More than ten years have passed since college-friends Chuck Garvey and Rob Derhak founded the band that they dubbed Five Guys Named Moe. From the moment of that initial Broadway Joe's gig, the group's core of relatively callow musicians, which soon included Garvey's guitar foil Al Schnier, continually sought to enrich their musical lexicon and collective communication. Garvey acknowledges, "We learned as we went along because we loved it and we wanted to keep doing it." The band has not abandoned that initial spirit and ethos, which it applies to individual songcraft as well as its efforts to explore novel textures in the live setting.

The new year (and moe.llennium) has been good to the quintet. A litany of the band's achievements includes: the release of acclaimed double disc L (Jammy award winner for best live offering), the group's three-day multi-band music festival (the aptly-titl ed moe.down), a Japanese tour and a sold-out Halloweeen show in which the group performed Dark Side of the Moon dressed as Wizard of Oz characters. The unit hopes to continue the moe.mentum (sorry) as it completes its fall tour, performs a New Year's Eve gig and finishes mastering its new album, Dither, which is set for a late January release. Chuck Garvey touched on most of these concerns in the following interview.

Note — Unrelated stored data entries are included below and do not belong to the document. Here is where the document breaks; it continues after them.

(* (i) Let $\mathcal A=(D,A,B,C)\in\mathbb{R}^n\times\mathbb{R}\times\mathbb{R}\times\mathbb{R}$ with $C<0$ and $B-\frac{|D|^2}{4C}\in\mathcal S$, so that the associated $\rho=e^AZ(\beta,\Theta)$ and $\Theta=-\frac1{2C}$ are positive. Then $\nabla^2_{\mathcal A}\Sigma(\mathcal A)$ is a positive-definite symmetric $(n+3)\times(n+3)$ matrix. (ii) $\Sigma$ is a strictly convex function of $\mathcal A$ on the domain $\mathbb A=\{(D,A,B,C)\in\mathbb{R}^n\times\mathbb{R}\times\mathbb{R}\times\mathbb{R}:\ C<0,\ B-\frac{|D|^2}{4C}\in\mathcal S\}$.
   Context: Let $n\ge1$ and $(\gamma_m)_{m\ge1}$ in $[0,\infty)$ with $\mathcal S:=\{\beta\in\mathbb{R}:\sum_m\frac{me^{\beta m}}{\gamma_m}<\infty\}\neq\emptyset$. $Z(\beta,\Theta)=(2\pi\Theta)^{n/2}\sum_m\frac{me^{\beta m}}{\gamma_m}$. For $\mathcal A=(D,A,B,C)$ (entropic variables; $D\in\mathbb{R}^n$, $A,B,C\in\mathbb{R}$) and $m\ge1$, $v\in\mathbb{R}^n$, let $\boldsymbol\mu_m(v)\bullet\mathcal A:=m\,v\cdot D+A+mB+m|v|^2C$. The Massieu–Planck potential is $$\Sigma(\mathcal A)=\sum_{m\ge1}\int_{\mathbb{R}^n}\frac{m^{n/2}}{\gamma_m}e^{\boldsymbol\mu_m(v)\bullet\mathcal A}\,dv.$$ The associated macroscopic parameters are $\Theta=-\frac1{2C}$, $u=-\frac{D}{2C}$, $\beta=B-\frac{|D|^2}{4C}$, $\rho=e^AZ(\beta,\Theta)$. *)

theory Defs
  imports "HOL-Analysis.Analysis"
begin

text \<open>The index m ranges over m \<ge> 1; sums over m \<ge> 1 are written as sums over Suc m.\<close>

type_synonym 'n entropic = "(real^'n) \<times> real \<times> real \<times> real"

text \<open>The set S. The series is taken in the extended nonnegative reals, with the
  convention c / 0 = \<infinity> for c > 0 (so S \<noteq> {} forces all gamma_m > 0).\<close>
definition S_set :: "(nat \<Rightarrow> real) \<Rightarrow> real set" where
  "S_set \<gamma> = {\<beta>. (\<Sum>m. ennreal (real (Suc m) * exp (\<beta> * real (Suc m))) / ennreal (\<gamma> (Suc m))) < \<infinity>}"

definition mu_dot :: "nat \<Rightarrow> real^'n \<Rightarrow> ('n::finite) entropic \<Rightarrow> real" where
  "mu_dot m v X = (let D = fst X; A = fst (snd X); B = fst (snd (snd X)); C = snd (snd (snd X)) in
      real m * (v \<bullet> D) + A + real m * B + real m * (norm v)\<^sup>2 * C)"

definition Sigma :: "(nat \<Rightarrow> real) \<Rightarrow> ('n::finite) entropic \<Rightarrow> real" where
  "Sigma \<gamma> X = (\<Sum>m. LINT v|lborel.
      (real (Suc m) powr (real CARD('n) / 2) / \<gamma> (Suc m)) * exp (mu_dot (Suc m) v X))"

definition entropic_domain :: "(nat \<Rightarrow> real) \<Rightarrow> ('n::finite) entropic set" where
  "entropic_domain \<gamma> = {X. snd (snd (snd X)) < 0 \<and>
     fst (snd (snd X)) - (norm (fst X))\<^sup>2 / (4 * snd (snd (snd X))) \<in> S_set \<gamma>}"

For information on all of these developments, and tickets to moe.'s New Year's Eve spectacle, visit http://www.moe.org.

DB- Since you're in the final stages of mastering your new album, let's start off and talk about that. How did the process differ from your last two times in the studio?

CG- The approach has been different with each album. With No Doy we went in with our live set-up, the amps and guitars we usually use. Then we basically put it down how we do it live and added a couple of bells and whistles. The final product was mixed by John Porter, who was a great guy but to a certain extent everything had a production gloss to it.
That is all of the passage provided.